As we navigate our way through the holiday season, those of us who have many local family members to visit have noticed that gasoline prices have climbed back up to challenge peak prices from 1918, 1981 and 2008.  Although this year's average price falls just shy of last years, 2012 and 2013 show us that even slight economic recovery will lead to greater demand for gasoline and therefore, higher prices.  Looking at the last five years, one lesson stands out...

If we want to keep prices low, keep demand low.

It will seem like a bit of an illogical statement to some, but prices have nothing to do with costs.  In a rational market, prices have everything to do with two qualities: the availability of something, and the desire of people to purchase it.  Why do gas stations hike prices around Memorial Day, Labor Day, Thanksgiving, and Christmas?  Because we want more of it.  When we "have to" buy it, retailers charge more.  Over the course of the Great Recession, as world demand for commodities plummeted, the price at the pump dropped precipitously.  Those who payed attention to last year's presidential campaign surely noted the hub-bub about the increase in gasoline prices from the start of President Obama's first term to the prices around the election.  That drop came directly from a sharp change in the demand relative to the supply.

Understanding this balance holds a key to the power of energy efficiency in both affecting our pocketbook and reshaping the role of energy.  Most of us think of energy efficiency as "doing without" in order to save money.  The real role of energy efficiency is to deliver the same level of service to which we are used, but with a lower input of energy.  As a recent post by Sarah Laskow in Grist points out, most of us drive fewer than 60 miles a day, with four passengers or fewer, without hauling, and have access to a space that can accommodate a charging outlet.  For this forty percent of the US driving population, a plug-in hybrid (or even a standard electric vehicle) will supply all of the driving services they need.  Since plug-in hybrids get two to three times the gas mileage of these standard vehicle, this would, in turn, drop the overall demand for gasoline by as much as twenty-five percent.  All of this reduction would come without a change in the service provided to the household.
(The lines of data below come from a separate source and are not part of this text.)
lemma is_K_subspace_line_mat:
  assumes A: "A \<in> carrier_mat n n"
  shows "is_K_subspace n (line_mat (A::'a::field mat))"
  unfolding is_K_subspace_def
proof (intro conjI ballI allI)
  show "line_mat A \<subseteq> carrier_mat n n" using A by auto
  show "0\<^sub>m n n \<in> line_mat A" using zero_smult_mat[OF A] by (metis (mono_tags) CollectI)
  fix X Y assume "X \<in> line_mat A" "Y \<in> line_mat A"
  then obtain c d where "X = c \<cdot>\<^sub>m A" "Y = d \<cdot>\<^sub>m A" by auto
  then have "X + Y = (c + d) \<cdot>\<^sub>m A" using add_smult_distrib_right_mat[OF A] by simp
  then show "X + Y \<in> line_mat A" by blast
next
  fix k X assume "X \<in> line_mat A"
  then obtain c where "X = c \<cdot>\<^sub>m A" by auto
  then have "k \<cdot>\<^sub>m X = (k * c) \<cdot>\<^sub>m A" by (simp add: smult_smult_mat)
  then show "k \<cdot>\<^sub>m X \<in> line_mat A" by blast
qed

lemma line_mat_subset:
  assumes "is_K_subspace n V" and "A \<in> V"
  shows "line_mat A \<subseteq> V"
  using assms unfolding is_K_subspace_def by blast

lemma subspace_of_line_mat_eq:
  assumes W: "is_K_subspace n W" and sub: "W \<subseteq> line_mat (A::'a::field mat)"
    and nz: "W \<noteq> {0\<^sub>m n n}"
  shows "W = line_mat A"
proof
  have Wc: "W \<subseteq> carrier_mat n n" and "0\<^sub>m n n \<in> W"
    using W unfolding is_K_subspace_def by blast+
  then obtain w where w: "w \<in> W" "w \<noteq> 0\<^sub>m n n" using nz by blast
  then obtain c where c: "w = c \<cdot>\<^sub>m A" using sub by auto
  have "c \<noteq> 0"
  proof
    assume "c = 0"
    then have "w = 0 \<cdot>\<^sub>m w" using c by (simp add: smult_smult_mat)
    then show False using w Wc zero_smult_mat by (metis subsetD)
  qed
  show "line_mat A \<subseteq> W"
  proof
    fix X assume "X \<in> line_mat A"
    then obtain d where "X = d \<cdot>\<^sub>m A" by auto
    then have "X = (d / c) \<cdot>\<^sub>m w" using c \<open>c \<noteq> 0\<close> by (simp add: smult_smult_mat)
    then show "X \<in> W" using W w unfolding is_K_subspace_def by blast
  qed
qed (rule sub)

text \<open>A line cannot contain both \<open>1\<close> and the matrix unit \<open>e\<^sub>0\<^sub>1\<close>: from \<open>1 = c'A\<close> every
  element of the line is a multiple of \<open>1\<close>.\<close>
lemma nontrivial_line_mat:
  assumes n: "n \<ge> 2" and A: "A \<in> carrier_mat n n" and A0: "A \<noteq> (0\<^sub>m n n :: 'a::field mat)"
  shows "nontrivial_subspace n (line_mat A)"
  unfolding nontrivial_subspace_def
proof
  have "A \<in> line_mat A" by (intro CollectI exI[of _ 1]) simp
  then show "line_mat A \<noteq> {0\<^sub>m n n}" using A0 by auto
next
  show "line_mat A \<noteq> carrier_mat n n"
  proof
    assume eq: "line_mat A = carrier_mat n n"
    define M :: "'a mat" where "M = mat n n (\<lambda>(i, j). if i = 0 \<and> j = 1 then 1 else 0)"
    obtain c' where c': "1\<^sub>m n = c' \<cdot>\<^sub>m A" using eq one_carrier_mat by blast
    have "M \<in> carrier_mat n n" unfolding M_def by simp
    then obtain c where c: "M = c \<cdot>\<^sub>m A" using eq by blast
    have "c' \<noteq> 0"
    proof
      assume "c' = 0"
      then have "(1\<^sub>m n :: 'a mat) $$ (0, 0) = 0\<^sub>m n n $$ (0, 0)" using c' zero_smult_mat[OF A] by simp
      then show False using n by simp
    qed
    then have "M = (c / c') \<cdot>\<^sub>m 1\<^sub>m n" using c c' by (simp add: smult_smult_mat)
    then have "M $$ (0, 1) = ((c / c') \<cdot>\<^sub>m 1\<^sub>m n) $$ (0, 1)" by simp
    then show False using n unfolding M_def by simp
  qed
qed

lemma line_mat_powers_square_zero:
  assumes A: "A \<in> carrier_mat n n" and nq: "\<not> quasi_idempotent A"
    and a: "a \<in> carrier_mat n n" and ap: "all_powers_in a (line_mat (A::'a::field mat))"
  shows "a * a = 0\<^sub>m n n"
proof -
  have powers: "a ^\<^sub>m m \<in> line_mat A" if "m \<ge> 1" for m
    using ap that unfolding all_powers_in_def by blast
  have "a ^\<^sub>m 1 = a" "a ^\<^sub>m 2 = a * a" using a by (simp_all add: numeral_2_eq_2)
  then obtain c d where c: "a = c \<cdot>\<^sub>m A" and d: "a * a = d \<cdot>\<^sub>m A"
    using powers[of 1] powers[of 2] by auto
  have aa: "a * a = (c * c) \<cdot>\<^sub>m (A * A)" using c smult_mat_mult_smult_mat[OF A] by simp
  show ?thesis
  proof (cases "c = 0")
    case True
    then show ?thesis using c a zero_smult_mat[OF A] by simp
  next
    case False
    have "A * A = (1 / (c * c)) \<cdot>\<^sub>m (a * a)" using aa False by (simp add: smult_smult_mat)
    also have "\<dots> = (d / (c * c)) \<cdot>\<^sub>m A" using d by (simp add: smult_smult_mat)
    finally have A_sq: "A * A = (d / (c * c)) \<cdot>\<^sub>m A" .
    with nq have "d / (c * c) = 0" unfolding quasi_idempotent_def by blast
    then have "A * A = 0\<^sub>m n n" using A_sq zero_smult_mat[OF A] by (simp only:)
    then show ?thesis using aa by simp
  qed
qed
lemma nn_integral_triangle_power_exp:
  fixes b :: real
  assumes b: "b > 0"
  shows "(\<integral>\<^sup>+s. (\<integral>\<^sup>+t. ennreal (indicator {0..} s * indicator {0..s} t * t ^ N * (s - t) ^ r
            * exp (- b * s)) \<partial>lborel) \<partial>lborel) = ennreal (fact N * fact r / b ^ (N + r + 2))"
proof -
  define f where "f t s = ennreal (indicator {0..} s * indicator {0..s} t * t ^ N * (s - t) ^ r * exp (- b * s))"
    for t s :: real
  have [measurable]: "(\<lambda>(t, s). f t s) \<in> borel_measurable (lborel \<Otimes>\<^sub>M lborel)"
  proof -
    have "(\<lambda>(s, t). f t s) \<in> borel_measurable (lborel \<Otimes>\<^sub>M lborel)"
      unfolding f_def by measurable
    from measurable_pair_swap[OF this] show ?thesis by simp
  qed
  have inner: "(\<integral>\<^sup>+s. f t s \<partial>lborel)
      = ennreal (fact r / b ^ Suc r) * ennreal (indicator {0..} t * t ^ N * exp (- b * t))" for t
  proof (cases "t \<ge> 0")
    case True
    have "(\<integral>\<^sup>+s. f t s \<partial>lborel) = (\<integral>\<^sup>+u. f t (t + 1 * u) \<partial>lborel)"
      using nn_integral_real_affine[of "f t" 1 t] by (simp add: f_def)
    also have "\<dots> = (\<integral>\<^sup>+u. ennreal (t ^ N * exp (- b * t))
        * ennreal (indicator {0..} u * u ^ r * exp (- b * u)) \<partial>lborel)"
      using True by (intro nn_integral_cong)
        (auto split: split_indicator simp: f_def ennreal_mult'[symmetric] exp_add[symmetric] algebra_simps)
    also have "\<dots> = ennreal (t ^ N * exp (- b * t)) * ennreal (fact r / b ^ Suc r)"
      by (subst nn_integral_cmult) (use nn_integral_power_times_exp_Ici_scaled[OF b, of r] in auto)
    finally show ?thesis using True by (simp add: mult.commute)
  qed (simp add: f_def indicator_def)
  have "(\<integral>\<^sup>+s. (\<integral>\<^sup>+t. f t s \<partial>lborel) \<partial>lborel) = (\<integral>\<^sup>+t. (\<integral>\<^sup>+s. f t s \<partial>lborel) \<partial>lborel)"
    by (rule lborel_pair.Fubini') measurable
  also have "\<dots> = ennreal (fact r / b ^ Suc r) * ennreal (fact N / b ^ Suc N)"
    unfolding inner by (subst nn_integral_cmult) (use nn_integral_power_times_exp_Ici_scaled[OF b, of N] in auto)
  also have "\<dots> = ennreal (fact N * fact r / b ^ (N + r + 2))"
    using b by (simp add: ennreal_mult'[symmetric] ennreal_mult[symmetric] power_add field_simps)
  finally show ?thesis by (simp add: f_def)
qed

lemma set_integral_triangle_eq_nn_integral:
  fixes f :: "real \<Rightarrow> real \<Rightarrow> real"
  assumes [measurable]: "(\<lambda>(s, t). f s t) \<in> borel_measurable (lborel \<Otimes>\<^sub>M lborel)"
    and nonneg: "\<And>s t. 0 \<le> t \<Longrightarrow> t \<le> s \<Longrightarrow> 0 \<le> f s t"
    and nn: "(\<integral>\<^sup>+s. (\<integral>\<^sup>+t. ennreal (indicator {0..} s * indicator {0..s} t * f s t) \<partial>lborel) \<partial>lborel)
             = ennreal c"
    and "0 \<le> c"
  shows "(LINT s:{0..}|lborel. (LINT t:{0..s}|lborel. f s t)) = c"
proof -
  define I where "I s = (\<integral>\<^sup>+t. ennreal (indicator {0..} s * indicator {0..s} t * f s t) \<partial>lborel)" for s
  define J where "J s = (LINT t:{0..s}|lborel. f s t)" for s
  have [measurable]: "I \<in> borel_measurable lborel" "J \<in> borel_measurable lborel"
    unfolding I_def J_def set_lebesgue_integral_def by measurable
  have J_nonneg: "0 \<le> s \<Longrightarrow> 0 \<le> J s" for s
    unfolding J_def set_lebesgue_integral_def
    by (intro integral_nonneg_AE AE_I2) (auto simp: indicator_def nonneg)
  have "AE s in lborel. I s \<noteq> \<infinity>"
    by (rule nn_integral_PInf_AE) (use nn in \<open>auto simp: I_def\<close>)
  then have "AE s in lborel. ennreal (indicator {0..} s * J s) = I s"
  proof (rule eventually_mono)
    fix s assume finite: "I s \<noteq> \<infinity>"
    show "ennreal (indicator {0..} s * J s) = I s"
    proof (cases "0 \<le> s")
      case True
      have "J s = enn2real (\<integral>\<^sup>+t. ennreal (indicator {0..s} t *\<^sub>R f s t) \<partial>lborel)"
        unfolding J_def set_lebesgue_integral_def
        by (rule integral_eq_nn_integral) (auto simp: indicator_def nonneg intro!: AE_I2)
      also have "\<dots> = enn2real (I s)"
        unfolding I_def using True by (simp add: indicator_def)
      finally show ?thesis using True finite by (simp add: ennreal_enn2real less_top)
    qed (simp add: I_def indicator_def)
  qed
  then have "(\<integral>\<^sup>+s. ennreal (indicator {0..} s * J s) \<partial>lborel) = ennreal c"
    using nn by (simp add: nn_integral_cong_AE I_def)
  then have "integral\<^sup>L lborel (\<lambda>s. indicator {0..} s * J s) = c"
    using \<open>0 \<le> c\<close> by (subst (asm) nn_integral_eq_integrable) (auto simp: indicator_def J_nonneg)
  then show ?thesis unfolding J_def set_lebesgue_integral_def by simp
qed

lemma summable_dominated_by_exp_series:
  fixes c :: "nat \<Rightarrow> real"
  assumes "\<And>N. \<bar>c N\<bar> \<le> C * q ^ N / fact N"
  shows "summable (\<lambda>N. c N * t ^ N)"
proof (rule summable_comparison_test)
  show "summable (\<lambda>N. C * ((q * \<bar>t\<bar>) ^ N /\<^sub>R fact N))"
    by (intro summable_mult summable_exp_generic)
  have "\<bar>c N\<bar> * \<bar>t\<bar> ^ N \<le> C * q ^ N / fact N * \<bar>t\<bar> ^ N" for N
    by (rule mult_right_mono[OF assms]) simp
  then show "\<exists>N0. \<forall>N\<ge>N0. norm (c N * t ^ N) \<le> C * ((q * \<bar>t\<bar>) ^ N /\<^sub>R fact N)"
    by (simp add: abs_mult power_abs power_mult_distrib divide_inverse mult_ac)
qed

lemma nn_integral_triangle_power_series:
  fixes c :: "nat \<Rightarrow> real"
  assumes "0 < b" and c_nonneg: "\<And>N. 0 \<le> c N"
    and summable_c: "\<And>t. summable (\<lambda>N. c N * t ^ N)"
    and summable_a: "summable (\<lambda>N. c N * fact N * fact r / b ^ (N + r + 2))"
  shows "(\<integral>\<^sup>+s. (\<integral>\<^sup>+t. ennreal (indicator {0..} s * indicator {0..s} t
            * ((\<Sum>N. c N * t ^ N) * (s - t) ^ r * exp (- b * s))) \<partial>lborel) \<partial>lborel)
       = ennreal (\<Sum>N. c N * fact N * fact r / b ^ (N + r + 2))"
proof -
  define g where "g N s t = ennreal (indicator {0..} s * indicator {0..s} t * t ^ N * (s - t) ^ r * exp (- b * s))"
    for N and s t :: real
  have [measurable]: "(\<lambda>(s, t). g N s t) \<in> borel_measurable (lborel \<Otimes>\<^sub>M lborel)" for N
    unfolding g_def by measurable
  have pointwise: "ennreal (indicator {0..} s * indicator {0..s} t
        * ((\<Sum>N. c N * t ^ N) * (s - t) ^ r * exp (- b * s))) = (\<Sum>N. ennreal (c N) * g N s t)" for s t
  proof (cases "0 \<le> t \<and> t \<le> s")
    case True
    have "(\<Sum>N. c N * t ^ N) * ((s - t) ^ r * exp (- b * s)) = (\<Sum>N. c N * t ^ N * ((s - t) ^ r * exp (- b * s)))"
      by (simp add: suminf_mult2 summable_c)
    also have "ennreal \<dots> = (\<Sum>N. ennreal (c N * t ^ N * ((s - t) ^ r * exp (- b * s))))"
      using True c_nonneg by (intro suminf_ennreal2[symmetric] summable_mult2 summable_c) auto
    finally show ?thesis
      using True c_nonneg by (simp add: g_def ennreal_mult'[symmetric] mult_ac)
  qed (auto simp: g_def indicator_def)
  have "(\<integral>\<^sup>+s. (\<integral>\<^sup>+t. ennreal (indicator {0..} s * indicator {0..s} t
           * ((\<Sum>N. c N * t ^ N) * (s - t) ^ r * exp (- b * s))) \<partial>lborel) \<partial>lborel)
      = (\<Sum>N. ennreal (c N) * (\<integral>\<^sup>+s. (\<integral>\<^sup>+t. g N s t \<partial>lborel) \<partial>lborel))"
    unfolding pointwise by (simp add: nn_integral_suminf nn_integral_cmult)
  also have "\<dots> = (\<Sum>N. ennreal (c N * fact N * fact r / b ^ (N + r + 2)))"
    unfolding g_def nn_integral_triangle_power_exp[OF \<open>0 < b\<close>]
    using \<open>0 < b\<close> c_nonneg by (simp add: ennreal_mult'[symmetric] mult.assoc)
  also have "\<dots> = ennreal (\<Sum>N. c N * fact N * fact r / b ^ (N + r + 2))"
    using summable_a c_nonneg \<open>0 < b\<close> by (intro suminf_ennreal2) auto
  finally show ?thesis .
qed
To put this in perspective, a drop of about seven-to-ten percent during the recession caused prices at the pump to drop by about forty percent.  Although those nations that control the supply of oil would respond by dropping supply to keep prices higher, the cycle of continually reducing supply to meet dropping demand has long-term implications for the development and exploration of new reserves.  This is where costs do have an impact.  If the price to develop new sources of fossil energy cost more than a company can get paid to do the work, they will not pursue them.  Most environmentalists want prices to stay high in order to drive the cost of fossil energy to a point competitive with newer, clean energy technology.  Economically speaking, we want to keep prices low so that new reserves remain uneconomical to tap.  Wind and even solar technologies have already shown cost-competitiveness with fossil fuel sources, and that curve will only continue to bend in their favor.  For now, we should all look for changes we can make that do not affect our quality of life, but only the amount of resources needed to supply services to us.  Timers on lights, CFL or LED light bulbs, plug-in hybrids when purchasing a new vehicle, Energy Star appliances...these all do everything we want them to do but with lower energy usage.

And really, is it that hard to turn out the lights when you leave a room?